CHAPTER 5. Uniform Partnership Act of 1994 [16100 - 16962]

  ( Chapter 5 added by Stats. 1996, Ch. 1003, Sec. 2. )

ARTICLE 8. Winding Up Partnership Business [16801 - 16807]
  ( Article 8 added by Stats. 1996, Ch. 1003, Sec. 2. )

16801.
  

A partnership is dissolved, and its business shall be wound up, only upon the occurrence of any of the following events:

(1) In a partnership at will, by the express will to dissolve and wind up the partnership business of at least half of the partners, including partners, other than wrongfully dissociating partners, who have dissociated within the preceding 90 days, and for which purpose a dissociation under paragraph (1) of Section 16601 constitutes an expression of that partner’s will to dissolve and wind up the partnership business.

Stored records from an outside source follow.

lemma density_zero_imp_sparse_tail:
  assumes "density_zero A" and "c > 0"
  obtains N where "N \<ge> i" and "\<And>B r. B \<subseteq> A \<inter> {N..} \<Longrightarrow> count_below B r \<le> c * real r"
proof -
  obtain R where R: "\<forall>r\<ge>R. count_below A r \<le> c * real r"
    using assms unfolding density_zero_def by blast
  have "count_below B r \<le> c * real r" if B: "B \<subseteq> A \<inter> {max i R..}" for B r
  proof (cases "r \<le> max i R")
    case True
    with B have "B \<inter> {..<r} = {}" by auto
    then show ?thesis using assms(2) by simp
  next
    case False
    then have "count_below B r \<le> count_below A r" using B by (intro count_below_mono) auto
    also have "\<dots> \<le> c * real r" using R False by simp
    finally show ?thesis .
  qed
  then show thesis using that[of "max i R"] by simp
qed

lemma minimal_imp_bad:
  assumes "m \<ge> 1" and "minimal m g"
  shows "bad m g"
proof -
  obtain A where A: "density_zero A" and "\<not> density_zero (img m g A)"
    using assms unfolding minimal_def in_C_iff_density_zero by blast
  then obtain d where "d > 0"
    and dense: "\<And>N i. \<exists>t\<ge>i. d * real t \<le> count_below (img m g (A \<inter> {N..})) t"
    using minimal_img_atLeast_dense[OF assms(2)] by blast
  obtain \<epsilon> where "\<epsilon> \<in> \<rat>" "0 < \<epsilon>" "\<epsilon> < d" using Rats_dense_in_real[of 0 d] \<open>d > 0\<close> by auto
  have "\<exists>n t A'. n \<ge> i \<and> t \<ge> i \<and> A' \<subseteq> {i..<n} \<and>
      (\<forall>r. count_below A' r \<le> real r / 2 ^ i) \<and> \<epsilon> * real t \<le> count_below (img m g A') t" for i
  proof -
    obtain N where "N \<ge> i" and sparse: "\<And>B r. B \<subseteq> A \<inter> {N..} \<Longrightarrow> count_below B r \<le> 1 / 2 ^ i * real r"
      by (rule density_zero_imp_sparse_tail[OF A, of "1 / 2 ^ i" i]) auto
    obtain t where "t \<ge> i" and t: "d * real t \<le> count_below (img m g (A \<inter> {N..})) t"
      using dense by blast
    obtain n where n: "img m g (A \<inter> {N..}) \<inter> {..<t} \<subseteq> img m g (A \<inter> {N..} \<inter> {..<n})"
      using img_Int_lessThan_subset_img_bounded by blast
    define A' where "A' = A \<inter> {N..} \<inter> {..<max n i}"
    have "img m g (A \<inter> {N..} \<inter> {..<n}) \<subseteq> img m g A'"
      unfolding A'_def by (rule img_mono) auto
    with n have "img m g (A \<inter> {N..}) \<inter> {..<t} \<subseteq> img m g A' \<inter> {..<t}" by blast
    then have "count_below (img m g (A \<inter> {N..})) t \<le> count_below (img m g A') t"
      by (intro of_nat_mono card_mono) auto
    moreover have "\<epsilon> * real t \<le> d * real t" using \<open>\<epsilon> < d\<close> by (intro mult_right_mono) auto
    moreover have "A' \<subseteq> {i..<max n i}" using \<open>N \<ge> i\<close> unfolding A'_def by auto
    moreover have "count_below A' r \<le> real r / 2 ^ i" for r
      using sparse[of A' r] unfolding A'_def by auto
    ultimately show ?thesis using \<open>t \<ge> i\<close> t by (intro exI[of _ "max n i"] exI[of _ t] exI[of _ A']) auto
  qed
  with \<open>\<epsilon> \<in> \<rat>\<close> \<open>0 < \<epsilon>\<close> show ?thesis unfolding bad_def by blast
qed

(2) In a partnership for a definite term or particular undertaking, when any of the following occurs:

(A) After the expiration of 90 days after a partner’s dissociation by death or otherwise under paragraphs (6) to (10), inclusive, of Section 16601, or a partner’s wrongful dissociation under subdivision (b) of Section 16602 unless before that time a majority in interest of the partners, including partners who have rightfully dissociated pursuant to subparagraph (A) of paragraph (2) of subdivision (b) of Section 16602, agree to continue the partnership.

(B) The express will of all of the partners to wind up the partnership business.

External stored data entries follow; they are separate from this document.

lemma mix_defect_le: "mix_defect x \<le> 2 * sym_dist d (J x) (J x') + mix_defect x'"
  unfolding mix_defect_le_iff
proof
  fix b assume b: "b \<in> F x"
  let ?\<rho> = "sym_dist d (J x) (J x')"
  have "d (J x) b \<le> 2 * ?\<rho> + mix_defect x' + e" if "e > 0" for e
  proof -
    obtain y where y: "y \<in> F x'" and "d y b < Hqpm d (F x') (F x) + e"
      using Hqpm_approx_left[OF F_bounded b F_nonempty \<open>e > 0\<close>] by blast
    then have "d y b < ?\<rho> + e"
      using Hqpm_F_le[of x' x] scaled_dist_le[of "J x'" "J x"] le_sym_dist[of "J x'" "J x"] by linarith
    moreover have "d (J x) b \<le> d (J x) (J x') + d (J x') y + d y b"
      using triangle[where x="J x" and y="J x'" and z=b] triangle[where x="J x'" and y=y and z=b]
      by linarith
    moreover have "d (J x') y \<le> mix_defect x'"
      using sym_dist_le_mix_defect[OF y] le_sym_dist order_trans by blast
    ultimately show ?thesis using le_sym_dist[of "J x" "J x'"] by linarith
  qed
  moreover have "d b (J x) \<le> 2 * ?\<rho> + mix_defect x' + e" if "e > 0" for e
  proof -
    obtain z where z: "z \<in> F x'" and "d b z < Hqpm d (F x) (F x') + e"
      using Hqpm_approx_right[OF F_bounded b F_nonempty \<open>e > 0\<close>] by blast
    then have "d b z < ?\<rho> + e"
      using Hqpm_F_le[of x x'] scaled_dist_le[of "J x" "J x'"] le_sym_dist[of "J x" "J x'"] by linarith
    moreover have "d b (J x) \<le> d b z + d z (J x') + d (J x') (J x)"
      using triangle[where x=b and y=z and z="J x"] triangle[where x=z and y="J x'" and z="J x"]
      by linarith
    moreover have "d z (J x') \<le> mix_defect x'"
      using sym_dist_le_mix_defect[OF z] le_sym_dist sym_dist_commute order_trans by metis
    ultimately show ?thesis using le_sym_dist[of "J x'" "J x"] by linarith
  qed
  ultimately show "sym_dist d (J x) b \<le> 2 * ?\<rho> + mix_defect x'"
    unfolding sym_dist_def by (auto intro: field_le_epsilon)
qed

lemma coincidence_unique:
  assumes "\<forall>x y. r * d x y \<le> d (J x) (J y)" "r > 0"
    and "F x = {J x}" "F y = {J y}"
  shows "x = y"
proof -
  have "mix_defect x = 0" "mix_defect y = 0"
    using assms(3,4) mix_defect_eq_0_iff by blast+
  then have "(1 - \<alpha>) * sym_dist d (J x) (J y) \<le> 0"
    using sym_dist_J_le_mix_defect[of x y] by simp
  then have "sym_dist d (J x) (J y) \<le> 0"
    using \<alpha>_less_1 by (simp add: mult_le_0_iff)
  then have "r * sym_dist d x y \<le> 0"
    using sym_dist_expansive[OF assms(1)] order_trans by blast
  then have "sym_dist d x y = 0"
    using \<open>r > 0\<close> sym_dist_nonneg[of x y] by (simp add: mult_le_0_iff order_antisym)
  then show ?thesis using sym_dist_eq_0_iff[OF T0] by blast
qed

lemma approx_mix_point_iff: "approx_mix_point d J F \<longleftrightarrow> (\<forall>e>0. \<exists>x. mix_defect x < e)"
proof -
  have bdd: "bdd_below (range mix_defect)"
    using mix_defect_nonneg by (meson bdd_belowI2)
  have "approx_mix_point d J F \<longleftrightarrow> (INF x. mix_defect x) = 0"
    by (simp add: approx_mix_point_def mix_defect_def)
  also have "\<dots> \<longleftrightarrow> (\<forall>e>0. (INF x. mix_defect x) < e)"
    using cINF_greatest[of UNIV 0 mix_defect] mix_defect_nonneg
    by (metis UNIV_not_empty dual_order.antisym not_le_imp_less order_refl field_le_epsilon
        add.left_neutral less_imp_le)
  also have "\<dots> \<longleftrightarrow> (\<forall>e>0. \<exists>x. mix_defect x < e)"
    using cINF_less_iff[OF UNIV_not_empty bdd] by simp
  finally show ?thesis .
qed

lemma mix_defect_sequence:
  assumes "approx_mix_point d J F"
  obtains s where "(\<lambda>n. mix_defect (s n)) \<longlonglongrightarrow> 0"
proof -
  have "\<forall>n. \<exists>x. mix_defect x < inverse (real (Suc n))"
    using assms unfolding approx_mix_point_iff by simp
  then obtain s where s: "\<And>n. mix_defect (s n) < inverse (real (Suc n))"
    by metis
  have "(\<lambda>n. mix_defect (s n)) \<longlonglongrightarrow> 0"
  proof (rule real_tendsto_sandwich[OF _ _ tendsto_const LIMSEQ_inverse_real_of_nat])
    show "\<forall>\<^sub>F n in sequentially. 0 \<le> mix_defect (s n)"
      by (simp add: mix_defect_nonneg)
    show "\<forall>\<^sub>F n in sequentially. mix_defect (s n) \<le> inverse (real (Suc n))"
      by (intro always_eventually allI less_imp_le s)
  qed
  then show thesis by (rule that)
qed

lemma coincidence_exists:
  assumes complete: "\<forall>s. ds_cauchy d s \<longrightarrow> (\<exists>x. ds_converges d s x)"
    and cont: "ds_continuous d J"
    and expansive: "\<forall>x y. r * d x y \<le> d (J x) (J y)" and "r > 0"
    and "approx_mix_point d J F"
  shows "\<exists>x. F x = {J x}"
proof -
  obtain s where s: "(\<lambda>n. mix_defect (s n)) \<longlonglongrightarrow> 0"
    using mix_defect_sequence \<open>approx_mix_point d J F\<close> by blast
  define c where "c n = mix_defect (s n) / ((1 - \<alpha>) * r)" for n
  have "ds_cauchy d s"
  proof (rule ds_cauchyI)
    fix m n
    have "(1 - \<alpha>) * r * sym_dist d (s m) (s n) \<le> (1 - \<alpha>) * sym_dist d (J (s m)) (J (s n))"
      using sym_dist_expansive[OF expansive] \<alpha>_less_1 by (simp add: mult.assoc)
    also have "\<dots> \<le> mix_defect (s m) + mix_defect (s n)"
      by (rule sym_dist_J_le_mix_defect)
    finally have "sym_dist d (s m) (s n) \<le> (mix_defect (s m) + mix_defect (s n)) / ((1 - \<alpha>) * r)"
      using \<alpha>_less_1 \<open>r > 0\<close> by (simp add: pos_le_divide_eq mult.commute)
    then show "sym_dist d (s m) (s n) \<le> c m + c n"
      by (simp add: c_def add_divide_distrib)
  next
    show "c \<longlonglongrightarrow> 0" unfolding c_def using s by (rule tendsto_divide_zero)
  qed
  then obtain x where "ds_converges d s x" using complete by blast
  then have "ds_converges d (\<lambda>n. J (s n)) (J x)" by (rule ds_continuous_converges[OF cont])
  then have "(\<lambda>n. sym_dist d (J (s n)) (J x)) \<longlonglongrightarrow> 0" by (simp only: ds_converges_iff_tendsto)
  then have "(\<lambda>n. 2 * sym_dist d (J (s n)) (J x) + mix_defect (s n)) \<longlonglongrightarrow> 0"
    using tendsto_add[OF tendsto_mult_right_zero s] by simp
  moreover have "\<forall>\<^sub>F n in sequentially. mix_defect x \<le> 2 * sym_dist d (J (s n)) (J x) + mix_defect (s n)"
    using mix_defect_le sym_dist_commute by (intro always_eventually allI) metis
  ultimately have "mix_defect x \<le> 0"
    by (rule tendsto_le[OF trivial_limit_sequentially _ tendsto_const])
  then show ?thesis
    using mix_defect_nonneg[of x] mix_defect_eq_0_iff[of x] by (auto simp: order_antisym)
qed

end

(C) The expiration of the term or the completion of the undertaking.

(3) An event agreed to in the partnership agreement resulting in the winding up of the partnership business.

(4) An event that makes it unlawful for all or substantially all of the business of the partnership to be continued, but a cure of illegality within 90 days after notice to the partnership of the event is effective retroactively to the date of the event for purposes of this section.

(5) On application by a partner, a judicial determination that any of the following apply:

(A) The economic purpose of the partnership is likely to be unreasonably frustrated.

(B) Another partner has engaged in conduct relating to the partnership business that makes it not reasonably practicable to carry on the business in partnership with that partner.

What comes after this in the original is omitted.